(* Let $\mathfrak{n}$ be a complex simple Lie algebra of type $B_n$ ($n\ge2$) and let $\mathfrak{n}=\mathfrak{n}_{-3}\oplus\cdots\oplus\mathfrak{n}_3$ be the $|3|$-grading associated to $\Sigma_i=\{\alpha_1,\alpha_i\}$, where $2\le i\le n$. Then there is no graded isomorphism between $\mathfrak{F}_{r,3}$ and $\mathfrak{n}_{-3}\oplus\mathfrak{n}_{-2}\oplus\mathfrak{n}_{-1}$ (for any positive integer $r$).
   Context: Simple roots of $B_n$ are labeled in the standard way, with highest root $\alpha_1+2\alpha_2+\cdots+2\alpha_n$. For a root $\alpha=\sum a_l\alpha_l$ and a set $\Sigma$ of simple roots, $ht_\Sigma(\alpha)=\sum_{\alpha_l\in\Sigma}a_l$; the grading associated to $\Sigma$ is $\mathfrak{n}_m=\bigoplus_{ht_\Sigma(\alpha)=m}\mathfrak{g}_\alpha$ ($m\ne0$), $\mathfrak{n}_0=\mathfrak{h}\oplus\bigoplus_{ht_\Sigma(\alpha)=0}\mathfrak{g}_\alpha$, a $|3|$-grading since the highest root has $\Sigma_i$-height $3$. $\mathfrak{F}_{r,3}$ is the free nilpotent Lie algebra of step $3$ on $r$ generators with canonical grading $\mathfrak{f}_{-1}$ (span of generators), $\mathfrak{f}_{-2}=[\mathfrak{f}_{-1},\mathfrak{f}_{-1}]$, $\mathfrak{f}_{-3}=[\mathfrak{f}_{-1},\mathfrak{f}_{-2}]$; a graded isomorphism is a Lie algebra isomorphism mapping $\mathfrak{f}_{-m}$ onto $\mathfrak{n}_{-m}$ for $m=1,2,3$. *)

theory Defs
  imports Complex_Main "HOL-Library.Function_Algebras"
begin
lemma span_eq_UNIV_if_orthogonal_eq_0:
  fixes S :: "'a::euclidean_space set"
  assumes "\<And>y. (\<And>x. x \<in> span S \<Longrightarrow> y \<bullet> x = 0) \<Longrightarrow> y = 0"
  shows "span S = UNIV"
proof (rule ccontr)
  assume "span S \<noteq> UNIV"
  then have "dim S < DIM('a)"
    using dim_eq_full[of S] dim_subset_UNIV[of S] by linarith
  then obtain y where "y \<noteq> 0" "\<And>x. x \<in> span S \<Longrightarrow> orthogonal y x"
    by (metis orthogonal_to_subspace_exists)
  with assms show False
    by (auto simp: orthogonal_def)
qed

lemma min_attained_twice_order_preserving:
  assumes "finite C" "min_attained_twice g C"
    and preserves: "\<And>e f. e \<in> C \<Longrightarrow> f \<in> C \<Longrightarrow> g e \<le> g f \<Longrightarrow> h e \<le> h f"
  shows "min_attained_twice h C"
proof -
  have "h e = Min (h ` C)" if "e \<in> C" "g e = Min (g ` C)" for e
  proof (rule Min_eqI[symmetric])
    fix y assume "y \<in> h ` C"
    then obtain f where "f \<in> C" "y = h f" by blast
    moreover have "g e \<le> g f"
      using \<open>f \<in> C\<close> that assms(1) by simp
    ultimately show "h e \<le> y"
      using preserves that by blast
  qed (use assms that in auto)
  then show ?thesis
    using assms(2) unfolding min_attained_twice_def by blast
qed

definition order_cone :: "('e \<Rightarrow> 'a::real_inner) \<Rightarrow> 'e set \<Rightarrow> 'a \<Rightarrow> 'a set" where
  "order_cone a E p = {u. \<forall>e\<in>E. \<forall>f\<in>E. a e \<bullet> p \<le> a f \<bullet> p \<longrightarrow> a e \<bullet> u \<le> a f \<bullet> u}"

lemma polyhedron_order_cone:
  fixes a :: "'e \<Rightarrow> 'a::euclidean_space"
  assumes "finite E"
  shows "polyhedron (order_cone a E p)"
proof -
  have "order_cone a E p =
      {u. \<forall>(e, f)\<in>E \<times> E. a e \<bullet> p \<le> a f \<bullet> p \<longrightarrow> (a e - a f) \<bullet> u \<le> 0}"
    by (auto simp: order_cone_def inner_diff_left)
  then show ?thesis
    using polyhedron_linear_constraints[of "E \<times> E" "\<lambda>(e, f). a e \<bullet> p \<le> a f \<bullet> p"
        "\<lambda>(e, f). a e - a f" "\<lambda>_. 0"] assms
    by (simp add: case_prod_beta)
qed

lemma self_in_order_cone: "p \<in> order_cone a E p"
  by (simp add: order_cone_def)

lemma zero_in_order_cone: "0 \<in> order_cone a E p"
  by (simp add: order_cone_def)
= = = =
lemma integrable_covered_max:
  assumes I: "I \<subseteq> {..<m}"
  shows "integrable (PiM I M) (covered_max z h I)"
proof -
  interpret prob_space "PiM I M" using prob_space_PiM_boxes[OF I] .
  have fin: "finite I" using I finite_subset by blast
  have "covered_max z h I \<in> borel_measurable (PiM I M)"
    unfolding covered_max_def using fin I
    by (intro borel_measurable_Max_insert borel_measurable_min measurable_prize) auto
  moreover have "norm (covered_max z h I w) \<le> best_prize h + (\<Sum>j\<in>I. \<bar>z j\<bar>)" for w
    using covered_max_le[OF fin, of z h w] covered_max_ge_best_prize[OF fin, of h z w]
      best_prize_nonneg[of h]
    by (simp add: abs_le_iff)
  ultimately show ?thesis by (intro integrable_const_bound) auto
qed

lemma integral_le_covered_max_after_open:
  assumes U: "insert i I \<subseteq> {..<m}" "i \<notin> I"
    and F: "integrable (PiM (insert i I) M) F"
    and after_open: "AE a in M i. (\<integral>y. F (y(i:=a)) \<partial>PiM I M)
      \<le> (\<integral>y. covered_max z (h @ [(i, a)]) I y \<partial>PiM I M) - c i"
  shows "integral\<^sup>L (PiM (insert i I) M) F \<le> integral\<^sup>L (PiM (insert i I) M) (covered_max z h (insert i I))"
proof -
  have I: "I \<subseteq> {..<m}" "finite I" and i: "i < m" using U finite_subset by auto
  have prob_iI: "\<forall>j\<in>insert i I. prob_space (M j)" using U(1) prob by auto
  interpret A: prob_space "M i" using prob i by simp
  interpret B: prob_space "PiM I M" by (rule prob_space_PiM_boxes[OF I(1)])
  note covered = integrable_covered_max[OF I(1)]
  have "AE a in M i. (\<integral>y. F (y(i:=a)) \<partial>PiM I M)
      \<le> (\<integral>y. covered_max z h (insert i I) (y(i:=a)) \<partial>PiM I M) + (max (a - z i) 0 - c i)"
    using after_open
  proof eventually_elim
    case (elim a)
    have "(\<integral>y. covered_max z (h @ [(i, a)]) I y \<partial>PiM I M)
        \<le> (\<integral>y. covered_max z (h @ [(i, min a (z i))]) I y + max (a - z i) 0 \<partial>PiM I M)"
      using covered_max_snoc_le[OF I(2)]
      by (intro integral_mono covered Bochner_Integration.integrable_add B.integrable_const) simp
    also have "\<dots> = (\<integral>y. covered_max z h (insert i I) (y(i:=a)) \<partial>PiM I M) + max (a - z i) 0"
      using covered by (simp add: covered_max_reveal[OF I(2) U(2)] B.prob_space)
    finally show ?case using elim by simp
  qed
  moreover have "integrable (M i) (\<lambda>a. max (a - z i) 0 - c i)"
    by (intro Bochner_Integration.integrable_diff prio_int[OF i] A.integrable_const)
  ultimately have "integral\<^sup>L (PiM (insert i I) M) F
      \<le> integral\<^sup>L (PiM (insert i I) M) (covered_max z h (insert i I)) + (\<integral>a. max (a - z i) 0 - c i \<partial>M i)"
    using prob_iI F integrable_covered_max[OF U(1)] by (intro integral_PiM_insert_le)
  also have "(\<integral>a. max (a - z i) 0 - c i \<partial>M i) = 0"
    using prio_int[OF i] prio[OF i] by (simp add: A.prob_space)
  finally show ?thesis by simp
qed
= = = =
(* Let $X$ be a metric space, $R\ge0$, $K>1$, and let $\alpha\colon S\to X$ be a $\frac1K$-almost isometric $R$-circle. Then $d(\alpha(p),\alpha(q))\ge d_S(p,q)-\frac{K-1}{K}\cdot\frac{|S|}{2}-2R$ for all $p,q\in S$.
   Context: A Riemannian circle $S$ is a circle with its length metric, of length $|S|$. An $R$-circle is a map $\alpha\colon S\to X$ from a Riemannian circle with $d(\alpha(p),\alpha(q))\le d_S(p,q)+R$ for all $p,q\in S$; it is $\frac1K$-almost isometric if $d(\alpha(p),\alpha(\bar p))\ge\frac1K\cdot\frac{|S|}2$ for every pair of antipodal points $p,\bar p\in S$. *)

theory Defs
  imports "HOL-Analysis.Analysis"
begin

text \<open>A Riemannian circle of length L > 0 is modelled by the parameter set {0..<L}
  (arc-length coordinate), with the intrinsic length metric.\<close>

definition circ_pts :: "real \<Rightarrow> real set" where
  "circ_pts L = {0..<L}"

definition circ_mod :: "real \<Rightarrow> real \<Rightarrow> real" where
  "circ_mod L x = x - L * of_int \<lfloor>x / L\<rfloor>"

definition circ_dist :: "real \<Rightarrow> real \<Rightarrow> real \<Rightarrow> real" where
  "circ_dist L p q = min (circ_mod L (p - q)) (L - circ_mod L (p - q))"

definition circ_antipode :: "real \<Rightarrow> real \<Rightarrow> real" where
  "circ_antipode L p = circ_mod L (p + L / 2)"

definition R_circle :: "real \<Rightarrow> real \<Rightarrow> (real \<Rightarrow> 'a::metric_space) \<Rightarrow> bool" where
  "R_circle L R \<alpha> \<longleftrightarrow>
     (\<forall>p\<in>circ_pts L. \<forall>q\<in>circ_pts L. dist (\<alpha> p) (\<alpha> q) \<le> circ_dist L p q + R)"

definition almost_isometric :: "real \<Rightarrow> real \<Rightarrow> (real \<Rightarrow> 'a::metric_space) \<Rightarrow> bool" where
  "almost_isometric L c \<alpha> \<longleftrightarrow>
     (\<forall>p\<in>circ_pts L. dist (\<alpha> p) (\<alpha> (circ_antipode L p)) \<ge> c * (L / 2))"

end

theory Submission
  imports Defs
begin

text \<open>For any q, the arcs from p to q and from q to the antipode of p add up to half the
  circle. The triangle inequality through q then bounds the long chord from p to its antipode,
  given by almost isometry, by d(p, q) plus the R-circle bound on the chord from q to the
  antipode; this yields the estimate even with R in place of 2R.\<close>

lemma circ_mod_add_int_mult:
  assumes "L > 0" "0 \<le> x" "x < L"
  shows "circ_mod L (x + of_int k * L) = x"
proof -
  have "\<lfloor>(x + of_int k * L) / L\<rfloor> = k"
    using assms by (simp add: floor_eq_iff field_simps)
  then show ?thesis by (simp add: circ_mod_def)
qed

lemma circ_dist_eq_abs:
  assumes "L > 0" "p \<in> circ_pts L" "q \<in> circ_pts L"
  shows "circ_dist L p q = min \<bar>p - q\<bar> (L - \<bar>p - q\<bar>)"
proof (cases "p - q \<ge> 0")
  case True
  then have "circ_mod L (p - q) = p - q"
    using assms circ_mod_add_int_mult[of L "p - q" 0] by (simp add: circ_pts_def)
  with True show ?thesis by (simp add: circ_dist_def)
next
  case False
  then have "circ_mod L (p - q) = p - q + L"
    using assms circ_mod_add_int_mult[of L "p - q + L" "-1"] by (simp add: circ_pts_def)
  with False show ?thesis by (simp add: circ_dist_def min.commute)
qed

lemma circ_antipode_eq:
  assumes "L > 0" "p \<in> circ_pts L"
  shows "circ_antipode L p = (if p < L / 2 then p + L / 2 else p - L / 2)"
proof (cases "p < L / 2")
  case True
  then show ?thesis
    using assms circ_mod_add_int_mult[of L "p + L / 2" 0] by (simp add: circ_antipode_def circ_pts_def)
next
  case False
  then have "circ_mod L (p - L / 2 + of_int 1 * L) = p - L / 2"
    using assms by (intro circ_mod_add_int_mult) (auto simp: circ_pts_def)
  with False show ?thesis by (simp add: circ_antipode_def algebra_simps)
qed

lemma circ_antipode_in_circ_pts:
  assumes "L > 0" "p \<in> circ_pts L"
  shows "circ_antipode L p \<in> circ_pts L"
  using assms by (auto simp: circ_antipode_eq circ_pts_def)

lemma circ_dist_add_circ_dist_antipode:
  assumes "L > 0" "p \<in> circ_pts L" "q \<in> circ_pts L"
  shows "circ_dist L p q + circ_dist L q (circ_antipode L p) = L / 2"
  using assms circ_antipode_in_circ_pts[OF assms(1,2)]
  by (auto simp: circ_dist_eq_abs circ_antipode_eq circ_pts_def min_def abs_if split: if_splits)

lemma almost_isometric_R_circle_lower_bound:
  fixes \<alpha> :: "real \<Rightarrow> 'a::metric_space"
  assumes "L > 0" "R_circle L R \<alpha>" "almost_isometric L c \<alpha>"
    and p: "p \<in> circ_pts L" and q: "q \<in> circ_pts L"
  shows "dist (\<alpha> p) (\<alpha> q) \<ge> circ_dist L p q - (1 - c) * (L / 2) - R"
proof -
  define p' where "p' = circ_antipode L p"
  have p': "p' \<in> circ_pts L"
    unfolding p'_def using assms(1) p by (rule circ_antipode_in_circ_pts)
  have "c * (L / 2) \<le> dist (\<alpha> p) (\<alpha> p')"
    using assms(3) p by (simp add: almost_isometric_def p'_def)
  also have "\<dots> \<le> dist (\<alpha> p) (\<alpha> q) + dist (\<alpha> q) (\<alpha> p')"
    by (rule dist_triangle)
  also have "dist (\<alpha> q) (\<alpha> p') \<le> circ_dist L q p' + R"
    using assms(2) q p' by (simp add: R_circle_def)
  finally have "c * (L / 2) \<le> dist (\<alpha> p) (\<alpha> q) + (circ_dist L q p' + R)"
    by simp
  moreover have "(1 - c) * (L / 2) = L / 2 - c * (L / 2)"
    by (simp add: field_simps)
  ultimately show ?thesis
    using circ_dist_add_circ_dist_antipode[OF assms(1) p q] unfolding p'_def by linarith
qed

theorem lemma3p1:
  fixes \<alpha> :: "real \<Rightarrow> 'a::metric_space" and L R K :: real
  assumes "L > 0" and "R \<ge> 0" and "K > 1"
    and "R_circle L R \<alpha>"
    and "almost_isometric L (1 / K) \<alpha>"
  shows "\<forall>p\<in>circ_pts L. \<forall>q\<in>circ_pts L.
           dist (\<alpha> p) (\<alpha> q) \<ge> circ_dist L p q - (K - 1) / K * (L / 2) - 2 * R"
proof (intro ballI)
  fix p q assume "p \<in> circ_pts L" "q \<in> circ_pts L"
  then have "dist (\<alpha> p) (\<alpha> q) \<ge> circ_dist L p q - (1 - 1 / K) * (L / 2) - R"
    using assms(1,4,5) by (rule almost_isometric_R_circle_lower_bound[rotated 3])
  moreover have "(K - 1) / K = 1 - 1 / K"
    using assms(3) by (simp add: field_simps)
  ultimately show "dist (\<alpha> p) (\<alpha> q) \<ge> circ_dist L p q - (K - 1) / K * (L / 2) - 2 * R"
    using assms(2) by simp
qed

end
= = = =
## Problem to solve:
State the count of lines above containing the string "linarith", and add nothing to it.

## Problem solution:
2